When a men’s magazine asks Allan Gurganus to submit some of his fiction, the editor rejects it because its protagonist a gay sailor. You want to rub our noses in it? Gurganus wants to say, “‘I bet if I were Toni Morrison and you phoned to ask me for a story, and I sent you one about my fellow black people, you sure wouldn’t use the term “rubbing their noses in it,” I betcha’” (55). So true, in my experience, anyway.
Andrew Holleran says, “Denial is always astonishing in retrospect, that one was able to compartmentalize oneself, to proceed with one part while putting another on ice. As long as I was only writing poems to Livingston in my notebook at Fort Benning . . . I was part of the mainstream” (93).

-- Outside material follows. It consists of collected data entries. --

lemma orbit_vertices_eq: "orbit.vertices = vs"
proof -
  have orb: "orbit.orb p = start (p mod L)" for p
    unfolding orbit.orb_def using funpow_\<sigma>_start[of 0 p] L_pos by simp
  have "orbit.vertex q = walk q" for q
  proof -
    have "walk q = walk (k * (q div k mod L) + q mod k)"
      using walk_mod[of q] unfolding m_eq by (simp add: mod_mult2_eq)
    also have "\<dots> = (q mod k, path (q mod k) (start (q div k mod L)))"
    proof -
      have "start (q div k mod L) \<in> I" unfolding I_def using L_pos by simp
      then show ?thesis
        using walk_path[of "start (q div k mod L)" "q mod k"] start_index_start L_pos by simp
    qed
    finally show ?thesis unfolding orbit.vertex_def orb by simp
  qed
  then have "orbit.vertices = map walk [0..<m]"
    unfolding orbit.vertices_def card_I m_eq by simp
  also have "\<dots> = vs" unfolding walk_def by (rule nth_equalityI) auto
  finally show ?thesis .
qed

text \<open>For an e-cycle the hypothesis of \<open>sign_mult_prod_cycles_eq_1\<close> fails by exactly
  one sign, so flipping the weight of one vertex yields \<open>-1\<close>.\<close>

lemma sign_mult_prod_sgn_e_cycle:
  assumes "(-1::int) ^ (length vs div k + sd_neg_edges A vs) = 1"
  shows "of_int (sign \<sigma>) * (\<Prod>i\<in>I. \<Prod>l<k. sgn (A l $$ (path l i, path (Suc l) i))) = -1"
proof -
  define s where "s i = (\<Prod>l<k. sgn (A l $$ (path l i, path (Suc l) i)))" for i
  have "even (L + sd_neg_edges A vs)"
    using assms unfolding L_def by (simp add: minus_one_power_iff split: if_splits)
  then have "prod s I = (-1) ^ L"
    using orbit.prod_sgn_eq_neg_edges orbit_vertices_eq unfolding s_def
    by (simp add: minus_one_power_iff)
  define t where "t = s(start 0 := - s (start 0))"
  have "prod t I = - prod s I"
    using start_0_in_I finite_I unfolding t_def
    by (simp add: prod.remove prod.cong[of "I - {start 0}" _ "s(start 0 := - s (start 0))" s])
  moreover have "prod t Q = (-1) ^ (card Q - 1)" if "perm_cycle \<sigma> I Q" for Q
  proof -
    have "Q = I" using perm_cycleD[OF that] perm_cycleD(4)[OF perm_cycle_I] by blast
    then show ?thesis using \<open>prod t I = - prod s I\<close> \<open>prod s I = (-1) ^ L\<close> card_I L_pos
      by (cases L) auto
  qed
  ultimately show ?thesis
    using sign_mult_prod_cycles_eq_1[OF finite_I permutes_\<sigma>, of t] unfolding s_def by simp
qed

end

Charles Silverstein: “Most people don’t understand the difference between guilt and shame. The distinction is central in the lives of gay men, particularly those over thirty. I often masturbated in my adolescent years and felt guilty about it. Guilt means one has done something wrong, which could have been avoided. It’s a matter of will; I could have chosen not to jerk off. In reality, it made no difference whether I masturbated or not. The toxin was within me. What I was [my italics], not what I did, resulted in my deep sense of humiliation. My homosexuality was the shame built into me, and embarrassment over my condition created self-hate. It made no difference that I bedded women. I knew the truth. That’s what shame is about, and I learned it well” (117).
Christopher Bram: “Compared to fiction, real life has more characters and incident than necessary. My coming out was a prolonged narrative with a surprising continuity of people. I suspect I write novels instead of short stories because my past is full of such long, tangled strands” (133).
Douglas Sadownick: “Just because a person does not recall a rotten feeling does not mean it is nowhere to be found. A wound from early childhood that remains ignored will find ways to manifest in the present” (223).
“Gay psychologists suggest that a gay man’s relationship to his father material to a special case, different from heterosexual men, hypothesizing that a guy born gay falls in love with the first man (rather than woman) he meets on the scene. (The theory here is that the libido, with its inner godly programming teases the ego complex out from the Self through the first great romance.) The literal father, if he is a kind man, will deflect the nuclear projection of libido, which is devastating enough; if he’s an asshole, he will repudiate the gay boy. All this takes place unconsciously, of course, yet it is often the filter through which the light of gay love shines, giving ‘love/hate’ new meaning” (226).